lemma joint_mass_changepoint_factor:
  assumes l: "Suc l \<le> n" and B: "B \<in> sets borel"
  shows "joint_mass l (\<lambda>c. c l = j \<and> c (Suc l) = Suc l) l B =
    ennreal (1 - q j (Suc l)) * joint_mass l (\<lambda>c. c l = j) l B"
proof -
  have "joint_mass l (\<lambda>c. c l = j \<and> c (Suc l) = Suc l) l B =
      (\<Sum>a\<in>cpaths l. path_prob l a * (ennreal (1 - q (a l) (Suc l)) *
        (if a l = j then path_evidence l l B a else 0)))"
    by (rule joint_mass_changepoint_after[where P="\<lambda>c. c l = j", OF l order.refl _ B]) simp
  also have "\<dots> = ennreal (1 - q j (Suc l)) *
      (\<Sum>a\<in>cpaths l. path_prob l a * (if a l = j then path_evidence l l B a else 0))"
    unfolding sum_distrib_left by (intro sum.cong refl) (simp add: ac_simps)
  also have "(\<Sum>a\<in>cpaths l. path_prob l a * (if a l = j then path_evidence l l B a else 0)) =
      joint_mass l (\<lambda>c. c l = j) l B"
    by (rule joint_mass_eq_sum_prefix[symmetric]) (use l B in simp_all)
  finally show ?thesis .
qed

lemma joint_mass_split_at_changepoint:
  assumes l: "Suc l \<le> n" and k: "1 \<le> k" "k \<le> l" and P: "\<And>c. P (path_prefix l c) = P c"
    and B: "B \<in> sets borel"
  shows "joint_mass n (\<lambda>c. P c \<and> c (Suc l) = Suc l) k B =
    joint_mass l (\<lambda>c. P c \<and> c (Suc l) = Suc l) k B * future_mass l"
proof -
  define G where "G a = (if P a then path_evidence l k B a else 0)" for a
  have "joint_mass n (\<lambda>c. P c \<and> c (Suc l) = Suc l) k B =
      (\<Sum>c\<in>cpaths n. path_prob n c *
        (if c (Suc l) = Suc l then G (path_prefix l c) * future_evidence l (path_suffix l c) else 0))"
    unfolding joint_mass_eq_sum[OF B]
  proof (intro sum.cong refl)
    fix c assume c: "c \<in> cpaths n"
    show "path_prob n c * (if P c \<and> c (Suc l) = Suc l then path_evidence n k B c else 0) =
        path_prob n c * (if c (Suc l) = Suc l then G (path_prefix l c) * future_evidence l (path_suffix l c) else 0)"
    proof (cases "path_prob n c = 0 \<or> c (Suc l) \<noteq> Suc l")
      case False
      then have "admissible_path n c" "c (Suc l) = Suc l"
        using admissible_path_if_path_prob_nonzero by auto
      then show ?thesis using path_evidence_split[OF c _ _ l k B] by (simp add: G_def P)
    qed auto
  qed
  also have "\<dots> = (\<Sum>a\<in>cpaths l. path_prob l a * (ennreal (1 - q (a l) (Suc l)) * G a)) * future_mass l"
    unfolding future_mass_def by (rule sum_split_at_changepoint[OF l])
  also have "(\<Sum>a\<in>cpaths l. path_prob l a * (ennreal (1 - q (a l) (Suc l)) * G a)) =
      joint_mass l (\<lambda>c. P c \<and> c (Suc l) = Suc l) k B"
    unfolding G_def by (rule joint_mass_changepoint_after[of l k P B, OF l k(2) P B, symmetric])
  finally show ?thesis .
qed

lemma path_evidence_decompose:
  assumes c: "c \<in> cpaths n" and adm: "admissible_path n c" and i: "i \<le> n"
  shows "path_evidence n i A c = (\<Sum>j=0..i. if c n = j then path_evidence n n A c else 0) +
    (\<Sum>j=0..i. \<Sum>l=i..n-1. if c l = j \<and> c (Suc l) = Suc l then path_evidence n l A c else 0)"
proof -
  define g where "g s = (\<integral>\<^sup>+z. ennreal (indicator A (z (max 1 s)) * lik p y n (c, z)) \<partial>param_space)" for s
  have g: "path_evidence n k A c = g (c k)" for k unfolding g_def path_evidence_def ..
  have "{i..n-1} = {i..<n}" using n_pos by auto
  then have "(\<Sum>j=0..i. \<Sum>l=i..n-1. if c l = j \<and> c (Suc l) = Suc l then g (c l) else 0) =
      (\<Sum>l=i..<n. \<Sum>j=0..i. if c l = j \<and> c (Suc l) = Suc l then g (c l) else 0)"
    by (simp only: sum.swap[of _ "{i..<n}" "{0..i}"])
  also have "\<dots> = (\<Sum>l=i..<n. if c l \<le> i \<and> c (Suc l) = Suc l then g (c l) else 0)"
    by (intro sum.cong refl) (simp add: sum.delta' if_distrib[of "\<lambda>b. b \<and> _"])
  finally show ?thesis
    using admissible_path_decompose[OF c adm i order.refl, of g] unfolding g by (simp add: sum.delta')
qed
(* Suppose the hypotheses of Theorem 4 hold (either case (a) or case (b), with $\varepsilon(m,\alpha)$ defined accordingly). Let $B\in\mathbb{N}$ and $\gamma\in(0,\alpha)$. Then $$\liminf_{m\to\infty}\Pr\big[\widehat{\mathrm{pl}}^{\mathrm{boot},S}_{\varepsilon(m,\alpha)}(A)\ge1-\alpha-\gamma\big]\ge1-\alpha-\exp\!\Big(-\frac{6B\gamma^2}{4\gamma+3}\Big),$$ where the probability is over $S\sim\mathcal{D}^m$ and the bootstrap resamples. In particular, if $B\ge(4\gamma+3)\log(\gamma^{-1})/(6\gamma^2)$, then $$\liminf_{m\to\infty}\Pr\big[\widehat{\mathrm{pl}}^{\mathrm{boot},S}_{\varepsilon(m,\alpha-\gamma)}(A)\ge1-\alpha\big]\ge1-\alpha.$$
   Context: Setting: data are i.i.d. from a distribution $\mathcal{D}$ on $\mathcal{X}\times\mathcal{Y}$; $\mathcal{H}=\{x\mapsto h(x;\theta)\mid\theta\in\Theta\}$ with $\Theta$ a topological space, $L$ a real-valued loss; $R_{\widetilde{\mathcal{D}}}(\theta)=\mathbb{E}_{\widetilde{\mathcal{D}}}[L(h(X;\theta),Y)]$, $R=R_{\mathcal{D}}$ (finite), $\widehat{R}_S(\theta)=\frac1m\sum_{i=1}^mL(h(X_i;\theta),Y_i)$. All events are measurable. $\widehat{\Theta}_S^\varepsilon=\{\theta\mid\widehat{R}_S(\theta)\le\inf_\vartheta\widehat{R}_S(\vartheta)+\varepsilon\}$, $\Theta_0^\delta=\{\theta\mid R(\theta)\le\inf_\vartheta R(\vartheta)+\delta\}$. Strong uniform convergence property: there is $w:\mathbb{R}^+\times\mathbb{R}^+\to\mathbb{R}$ (a "witness") such that for all $\varepsilon,\alpha>0$ and integers $m\ge w(\varepsilon,\alpha)$: (1) $\Pr_{S\sim\mathcal{D}^m}[\sup_\theta|R(\theta)-\widehat{R}_S(\theta)|\le\varepsilon]\ge1-\alpha$ and (2) $\inf_{\widetilde{\mathcal{D}}\in\mathcal{B}_m}\Pr_{S'\sim\widetilde{\mathcal{D}}^m}[\sup_\theta|R_{\widetilde{\mathcal{D}}}(\theta)-\widehat{R}_{S'}(\theta)|\le\varepsilon]\ge1-\alpha$, with $\mathcal{B}_m$ the empirical distributions $\mathrm{Unif}(S)$ of all possible realizations $S$ of $\mathcal{D}^m$; the strong uniform convergence function is $f(\varepsilon,\alpha)=\inf_w\lceil w(\varepsilon,\alpha)\rceil$. Hypotheses of Theorem 4: $A\subseteq\Theta$ is Borel with $\Theta_0^\delta\subseteq A$ for some $\delta>0$; $(\mathcal{H},L)$ has the strong uniform convergence property with function $f$; and either (a) a risk minimizer $\theta_0$ exists, an empirical risk minimizer exists for every sample, and $\varepsilon(m,\alpha)=\inf\{\varepsilon>0\mid m\ge f(\varepsilon/2,\alpha)\}$, or (b) $\varepsilon(m,\alpha)=\inf\{\varepsilon>0\mid m\ge\inf_{0<\delta'<\varepsilon}f((\varepsilon-\delta')/2,\alpha)\}$. Bootstrapped plausibility: $\mathrm{pl}^{\mathrm{boot},S}_\varepsilon(A)=\Pr_{S'\sim\mathrm{Unif}(S)^m}[\widehat{\Theta}_{S'}^\varepsilon\cap A\ne\varnothing\mid\widehat{\Theta}_{S'}^\varepsilon\ne\varnothing]$ (assumed well defined). Its Monte Carlo estimate with $B$ resamples is $\widehat{\mathrm{pl}}^{\mathrm{boot},S}_\varepsilon(A)=\frac1B\sum_{i=1}^BI(\widehat{\Theta}_{S_i}^\varepsilon\cap A\ne\varnothing)$, where, given $S$, $S_1,\dots,S_B$ are independent draws from $\mathrm{Unif}(S)^m$ conditioned on $\widehat{\Theta}_{S_i}^\varepsilon\ne\varnothing$. *)

theory Defs
  imports "HOL-Probability.Probability"
begin

definition loss :: "('x \<Rightarrow> 'p \<Rightarrow> 'o) \<Rightarrow> ('o \<Rightarrow> 'y \<Rightarrow> real) \<Rightarrow> 'p \<Rightarrow> 'x \<times> 'y \<Rightarrow> real" where
  "loss h L \<theta> z = L (h (fst z) \<theta>) (snd z)"

definition risk :: "('x \<times> 'y) measure \<Rightarrow> ('x \<Rightarrow> 'p \<Rightarrow> 'o) \<Rightarrow> ('o \<Rightarrow> 'y \<Rightarrow> real) \<Rightarrow> 'p \<Rightarrow> real" where
  "risk D h L \<theta> = (\<integral>z. loss h L \<theta> z \<partial>D)"

text \<open>Empirical risk of a sample S = (S 0, ..., S (m-1)). It is also the risk under Unif(S).\<close>
definition emp_risk :: "('x \<Rightarrow> 'p \<Rightarrow> 'o) \<Rightarrow> ('o \<Rightarrow> 'y \<Rightarrow> real) \<Rightarrow> nat \<Rightarrow> (nat \<Rightarrow> 'x \<times> 'y) \<Rightarrow> 'p \<Rightarrow> real" where
  "emp_risk h L m S \<theta> = (\<Sum>i<m. loss h L \<theta> (S i)) / real m"

definition sample_space :: "('x \<times> 'y) measure \<Rightarrow> nat \<Rightarrow> (nat \<Rightarrow> 'x \<times> 'y) measure" where
  "sample_space D m = PiM {..<m} (\<lambda>_. D)"

text \<open>Uniform resampling indices: S' = S o J with J uniform on {..<m}^m has law Unif(S)^m.\<close>
definition resample_pmf :: "nat \<Rightarrow> (nat \<Rightarrow> nat) pmf" where
  "resample_pmf m = Pi_pmf {..<m} 0 (\<lambda>_. pmf_of_set {..<m})"

definition erm_set :: "('x \<Rightarrow> 'p \<Rightarrow> 'o) \<Rightarrow> ('o \<Rightarrow> 'y \<Rightarrow> real) \<Rightarrow> nat \<Rightarrow> (nat \<Rightarrow> 'x \<times> 'y) \<Rightarrow> ereal \<Rightarrow> 'p set" where
  "erm_set h L m S \<epsilon> =
     {\<theta>. ereal (emp_risk h L m S \<theta>) \<le> (INF \<phi>. ereal (emp_risk h L m S \<phi>)) + \<epsilon>}"

definition risk_set :: "('x \<times> 'y) measure \<Rightarrow> ('x \<Rightarrow> 'p \<Rightarrow> 'o) \<Rightarrow> ('o \<Rightarrow> 'y \<Rightarrow> real) \<Rightarrow> real \<Rightarrow> 'p set" where
  "risk_set D h L \<delta> = {\<theta>. ereal (risk D h L \<theta>) \<le> (INF \<phi>. ereal (risk D h L \<phi>)) + ereal \<delta>}"

definition suc_witness :: "('x \<times> 'y) measure \<Rightarrow> ('x \<Rightarrow> 'p \<Rightarrow> 'o) \<Rightarrow> ('o \<Rightarrow> 'y \<Rightarrow> real)
    \<Rightarrow> (real \<Rightarrow> real \<Rightarrow> real) \<Rightarrow> bool" where
  "suc_witness D h L w \<longleftrightarrow>
    (\<forall>\<epsilon> \<alpha>. 0 < \<epsilon> \<longrightarrow> 0 < \<alpha> \<longrightarrow> (\<forall>m::nat. 0 < m \<longrightarrow> real m \<ge> w \<epsilon> \<alpha> \<longrightarrow>
       measure (sample_space D m)
         {S \<in> space (sample_space D m). \<forall>\<theta>. \<bar>risk D h L \<theta> - emp_risk h L m S \<theta>\<bar> \<le> \<epsilon>} \<ge> 1 - \<alpha>
     \<and> (\<forall>S \<in> space (sample_space D m).
          measure_pmf.prob (resample_pmf m)
            {J. \<forall>\<theta>. \<bar>emp_risk h L m S \<theta> - emp_risk h L m (S \<circ> J) \<theta>\<bar> \<le> \<epsilon>} \<ge> 1 - \<alpha>)))"

definition strong_uc :: "('x \<times> 'y) measure \<Rightarrow> ('x \<Rightarrow> 'p \<Rightarrow> 'o) \<Rightarrow> ('o \<Rightarrow> 'y \<Rightarrow> real) \<Rightarrow> bool" where
  "strong_uc D h L \<longleftrightarrow> (\<exists>w. suc_witness D h L w)"

definition suc_fun :: "('x \<times> 'y) measure \<Rightarrow> ('x \<Rightarrow> 'p \<Rightarrow> 'o) \<Rightarrow> ('o \<Rightarrow> 'y \<Rightarrow> real) \<Rightarrow> real \<Rightarrow> real \<Rightarrow> ereal" where
  "suc_fun D h L \<epsilon> \<alpha> = (INF w \<in> {w. suc_witness D h L w}. ereal (real_of_int \<lceil>w \<epsilon> \<alpha>\<rceil>))"

definition eps_a :: "('x \<times> 'y) measure \<Rightarrow> ('x \<Rightarrow> 'p \<Rightarrow> 'o) \<Rightarrow> ('o \<Rightarrow> 'y \<Rightarrow> real) \<Rightarrow> nat \<Rightarrow> real \<Rightarrow> ereal" where
  "eps_a D h L m \<alpha> =
     Inf (ereal ` {\<epsilon>. 0 < \<epsilon> \<and> ereal (real m) \<ge> suc_fun D h L (\<epsilon> / 2) \<alpha>})"

definition eps_b :: "('x \<times> 'y) measure \<Rightarrow> ('x \<Rightarrow> 'p \<Rightarrow> 'o) \<Rightarrow> ('o \<Rightarrow> 'y \<Rightarrow> real) \<Rightarrow> nat \<Rightarrow> real \<Rightarrow> ereal" where
  "eps_b D h L m \<alpha> =
     Inf (ereal ` {\<epsilon>. 0 < \<epsilon> \<and>
        ereal (real m) \<ge> (INF \<delta>' \<in> {0<..<\<epsilon>}. suc_fun D h L ((\<epsilon> - \<delta>') / 2) \<alpha>)})"

definition boot_event :: "('x \<Rightarrow> 'p \<Rightarrow> 'o) \<Rightarrow> ('o \<Rightarrow> 'y \<Rightarrow> real) \<Rightarrow> nat \<Rightarrow> (nat \<Rightarrow> 'x \<times> 'y) \<Rightarrow> ereal \<Rightarrow> (nat \<Rightarrow> nat) set" where
  "boot_event h L m S \<epsilon> = {J. erm_set h L m (S \<circ> J) \<epsilon> \<noteq> {}}"

definition boot_pmf :: "('x \<Rightarrow> 'p \<Rightarrow> 'o) \<Rightarrow> ('o \<Rightarrow> 'y \<Rightarrow> real) \<Rightarrow> nat \<Rightarrow> (nat \<Rightarrow> 'x \<times> 'y) \<Rightarrow> ereal \<Rightarrow> (nat \<Rightarrow> nat) pmf" where
  "boot_pmf h L m S \<epsilon> = cond_pmf (resample_pmf m) (boot_event h L m S \<epsilon>)"

definition pl_boot :: "('x \<Rightarrow> 'p \<Rightarrow> 'o) \<Rightarrow> ('o \<Rightarrow> 'y \<Rightarrow> real) \<Rightarrow> 'p set \<Rightarrow> nat \<Rightarrow> (nat \<Rightarrow> 'x \<times> 'y) \<Rightarrow> ereal \<Rightarrow> real" where
  "pl_boot h L A m S \<epsilon> =
     measure_pmf.prob (boot_pmf h L m S \<epsilon>) {J. erm_set h L m (S \<circ> J) \<epsilon> \<inter> A \<noteq> {}}"

definition mc_pmf :: "('x \<Rightarrow> 'p \<Rightarrow> 'o) \<Rightarrow> ('o \<Rightarrow> 'y \<Rightarrow> real) \<Rightarrow> nat \<Rightarrow> (nat \<Rightarrow> 'x \<times> 'y) \<Rightarrow> ereal \<Rightarrow> nat
    \<Rightarrow> (nat \<Rightarrow> nat \<Rightarrow> nat) pmf" where
  "mc_pmf h L m S \<epsilon> B = Pi_pmf {..<B} (\<lambda>_. 0) (\<lambda>_. boot_pmf h L m S \<epsilon>)"

definition pl_hat :: "('x \<Rightarrow> 'p \<Rightarrow> 'o) \<Rightarrow> ('o \<Rightarrow> 'y \<Rightarrow> real) \<Rightarrow> 'p set \<Rightarrow> nat \<Rightarrow> (nat \<Rightarrow> 'x \<times> 'y) \<Rightarrow> ereal
    \<Rightarrow> nat \<Rightarrow> (nat \<Rightarrow> nat \<Rightarrow> nat) \<Rightarrow> real" where
  "pl_hat h L A m S \<epsilon> B Js =
     (\<Sum>i<B. if erm_set h L m (S \<circ> Js i) \<epsilon> \<inter> A \<noteq> {} then 1 else 0) / real B"
(* Let $\pi:V\to X$ be a finite-dimensional diffeological vector pseudo-bundle with a connection $\nabla$, and let $t\in C^\infty(X,(\Lambda^1(X))^* )$. Then the map $\nabla_t:C^\infty(X,V)\to C^\infty(X,V)$, $s\mapsto\nabla_ts$, is smooth for the functional diffeology on $C^\infty(X,V)$.
   Context: Diffeological spaces, smooth maps, and the functional diffeology on $C^\infty(A,B)$ ($q:U\to C^\infty(A,B)$ is a plot iff $(u,u')\mapsto q(u)(p(u'))$ is a plot of $B$ for every plot $p:U'\to A$) are as usual. A diffeological vector pseudo-bundle is a smooth surjection with vector space fibres whose fibrewise operations and zero section are smooth; tensor products carry the tensor product pseudo-bundle diffeology. The dual pseudo-bundle $W^*\to X$ of $W\to X$ has fibres the spaces of smooth linear functionals on the fibres, and a map $p:U\to W^*$ is a plot iff for every plot $q:U'\to W$ the map $(u,u')\mapsto p(u)(q(u'))$, defined where the base points agree, is smooth. $\Omega^1(X)$: a 1-form assigns to each plot $p:U\to X$ an ordinary 1-form $\omega(p)$ on $U$ with $\omega(p\circ F)=F^*\omega(p)$ for smooth $F$; functional diffeology. $\omega$ vanishes at $x$ if $\omega(p)(0)=0$ for all plots with $p(0)=x$. $\Lambda^1(X)$ is the quotient of $X\times\Omega^1(X)$ by the sub-bundle $\bigcup_x\{x\}\times\Omega^1_x(X)$ of vanishing forms, with quotient diffeology and projection $\pi^{\Omega,\Lambda}$. For smooth $h:X\to\mathbb{R}$, $dh$ is the section $x\mapsto\pi^{\Omega,\Lambda}(x,dh)$ with $dh(p)=d(h\circ p)$. A connection on $V$ is a smooth linear operator $\nabla:C^\infty(X,V)\to C^\infty(X,\Lambda^1(X)\otimes V)$ with $\nabla(hs)=dh\otimes s+h\nabla s$. For $t\in C^\infty(X,(\Lambda^1(X))^* )$, the covariant derivative $\nabla_ts$ is the section $x\mapsto(t(x)\otimes\mathrm{Id})((\nabla s)(x))$, i.e. $\nabla s$ evaluated on $t$; it is a smooth section of $V$. *)

theory Defs
  imports "HOL-Analysis.Analysis"
begin

type_synonym pt = "nat \<Rightarrow> real"

text \<open>R^n is encoded as the points of nat => real vanishing from index n on;
  the product topology on nat => real restricts to the Euclidean topology there.\<close>
definition euclid :: "nat \<Rightarrow> pt set" where
  "euclid n = {x. \<forall>i\<ge>n. x i = 0}"

definition domain :: "nat \<Rightarrow> pt set \<Rightarrow> bool" where
  "domain n U \<longleftrightarrow> U \<subseteq> euclid n \<and> openin (top_of_set (euclid n)) U"

definition pdiff :: "nat \<Rightarrow> (pt \<Rightarrow> real) \<Rightarrow> pt \<Rightarrow> real" where
  "pdiff i f x = deriv (\<lambda>h. f (x(i := x i + h))) 0"

fun ipdiff :: "nat list \<Rightarrow> (pt \<Rightarrow> real) \<Rightarrow> pt \<Rightarrow> real" where
  "ipdiff [] f = f"
| "ipdiff (i # is) f = pdiff i (ipdiff is f)"

definition smooth_fun :: "nat \<Rightarrow> pt set \<Rightarrow> (pt \<Rightarrow> real) \<Rightarrow> bool" where
  "smooth_fun n U f \<longleftrightarrow>
     (\<forall>is. set is \<subseteq> {..<n} \<longrightarrow> continuous_on U (ipdiff is f) \<and>
        (\<forall>i<n. \<forall>x\<in>U. (\<lambda>h. ipdiff is f (x(i := x i + h))) differentiable (at 0)))"

definition smooth_map :: "nat \<Rightarrow> pt set \<Rightarrow> nat \<Rightarrow> pt set \<Rightarrow> (pt \<Rightarrow> pt) \<Rightarrow> bool" where
  "smooth_map m W n U F \<longleftrightarrow> F ` W \<subseteq> U \<and> (\<forall>i<n. smooth_fun m W (\<lambda>w. F w i))"

text \<open>Product U x U' of domains in R^(n+m): first n coordinates in U, next m in U'.\<close>
definition pfst :: "nat \<Rightarrow> pt \<Rightarrow> pt" where
  "pfst n z = (\<lambda>i. if i < n then z i else 0)"

definition psnd :: "nat \<Rightarrow> pt \<Rightarrow> pt" where
  "psnd n z = (\<lambda>i. z (i + n))"

definition dom_prod :: "nat \<Rightarrow> pt set \<Rightarrow> nat \<Rightarrow> pt set \<Rightarrow> pt set" where
  "dom_prod n U m W = {z \<in> euclid (n + m). pfst n z \<in> U \<and> psnd n z \<in> W}"

type_synonym 'a plots = "nat \<Rightarrow> pt set \<Rightarrow> (pt \<Rightarrow> 'a) \<Rightarrow> bool"
type_synonym 'a dspace = "'a set \<times> 'a plots"

definition diffeological :: "'a dspace \<Rightarrow> bool" where
  "diffeological S \<longleftrightarrow>
     (\<forall>n U p. snd S n U p \<longrightarrow> domain n U \<and> p ` U \<subseteq> fst S) \<and>
     (\<forall>n U p q. snd S n U p \<and> (\<forall>u\<in>U. p u = q u) \<longrightarrow> snd S n U q) \<and>
     (\<forall>n U x. domain n U \<and> x \<in> fst S \<longrightarrow> snd S n U (\<lambda>_. x)) \<and>
     (\<forall>n U p. domain n U \<and> p ` U \<subseteq> fst S \<and>
        (\<forall>u\<in>U. \<exists>V. u \<in> V \<and> V \<subseteq> U \<and> domain n V \<and> snd S n V p) \<longrightarrow> snd S n U p) \<and>
     (\<forall>n U p m W F. snd S n U p \<and> domain m W \<and> smooth_map m W n U F \<longrightarrow> snd S m W (p \<circ> F))"

definition real_ds :: "real dspace" where
  "real_ds = (UNIV, \<lambda>n U f. domain n U \<and> smooth_fun n U f)"

definition dsmooth :: "'a dspace \<Rightarrow> 'b dspace \<Rightarrow> ('a \<Rightarrow> 'b) \<Rightarrow> bool" where
  "dsmooth S T f \<longleftrightarrow> f ` fst S \<subseteq> fst T \<and> (\<forall>n U p. snd S n U p \<longrightarrow> snd T n U (f \<circ> p))"

definition subspace :: "'a dspace \<Rightarrow> 'a set \<Rightarrow> 'a dspace" where
  "subspace S A = (fst S \<inter> A, \<lambda>n U p. snd S n U p \<and> p ` U \<subseteq> A)"

definition prod_ds :: "'a dspace \<Rightarrow> 'b dspace \<Rightarrow> ('a \<times> 'b) dspace" where
  "prod_ds S T = (fst S \<times> fst T, \<lambda>n U p. snd S n U (fst \<circ> p) \<and> snd T n U (snd \<circ> p))"

text \<open>C^infinity(A,B) with the functional diffeology (maps are taken extensional on A).\<close>
definition smooth_maps :: "'a dspace \<Rightarrow> 'b dspace \<Rightarrow> ('a \<Rightarrow> 'b) set" where
  "smooth_maps S T = {f. dsmooth S T f \<and> f \<in> extensional (fst S)}"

Exercise prompt: The output should consist only of the lines from the one with "(\<forall>n U p. snd S n U p \<longrightarrow> domain" through the final line of the records above, exactly.

Exercise result:
     (\<forall>n U p. snd S n U p \<longrightarrow> domain n U \<and> p ` U \<subseteq> fst S) \<and>
     (\<forall>n U p q. snd S n U p \<and> (\<forall>u\<in>U. p u = q u) \<longrightarrow> snd S n U q) \<and>
     (\<forall>n U x. domain n U \<and> x \<in> fst S \<longrightarrow> snd S n U (\<lambda>_. x)) \<and>
     (\<forall>n U p. domain n U \<and> p ` U \<subseteq> fst S \<and>
        (\<forall>u\<in>U. \<exists>V. u \<in> V \<and> V \<subseteq> U \<and> domain n V \<and> snd S n V p) \<longrightarrow> snd S n U p) \<and>
     (\<forall>n U p m W F. snd S n U p \<and> domain m W \<and> smooth_map m W n U F \<longrightarrow> snd S m W (p \<circ> F))"

definition real_ds :: "real dspace" where
  "real_ds = (UNIV, \<lambda>n U f. domain n U \<and> smooth_fun n U f)"

definition dsmooth :: "'a dspace \<Rightarrow> 'b dspace \<Rightarrow> ('a \<Rightarrow> 'b) \<Rightarrow> bool" where
  "dsmooth S T f \<longleftrightarrow> f ` fst S \<subseteq> fst T \<and> (\<forall>n U p. snd S n U p \<longrightarrow> snd T n U (f \<circ> p))"

definition subspace :: "'a dspace \<Rightarrow> 'a set \<Rightarrow> 'a dspace" where
  "subspace S A = (fst S \<inter> A, \<lambda>n U p. snd S n U p \<and> p ` U \<subseteq> A)"

definition prod_ds :: "'a dspace \<Rightarrow> 'b dspace \<Rightarrow> ('a \<times> 'b) dspace" where
  "prod_ds S T = (fst S \<times> fst T, \<lambda>n U p. snd S n U (fst \<circ> p) \<and> snd T n U (snd \<circ> p))"

text \<open>C^infinity(A,B) with the functional diffeology (maps are taken extensional on A).\<close>
definition smooth_maps :: "'a dspace \<Rightarrow> 'b dspace \<Rightarrow> ('a \<Rightarrow> 'b) set" where
  "smooth_maps S T = {f. dsmooth S T f \<and> f \<in> extensional (fst S)}"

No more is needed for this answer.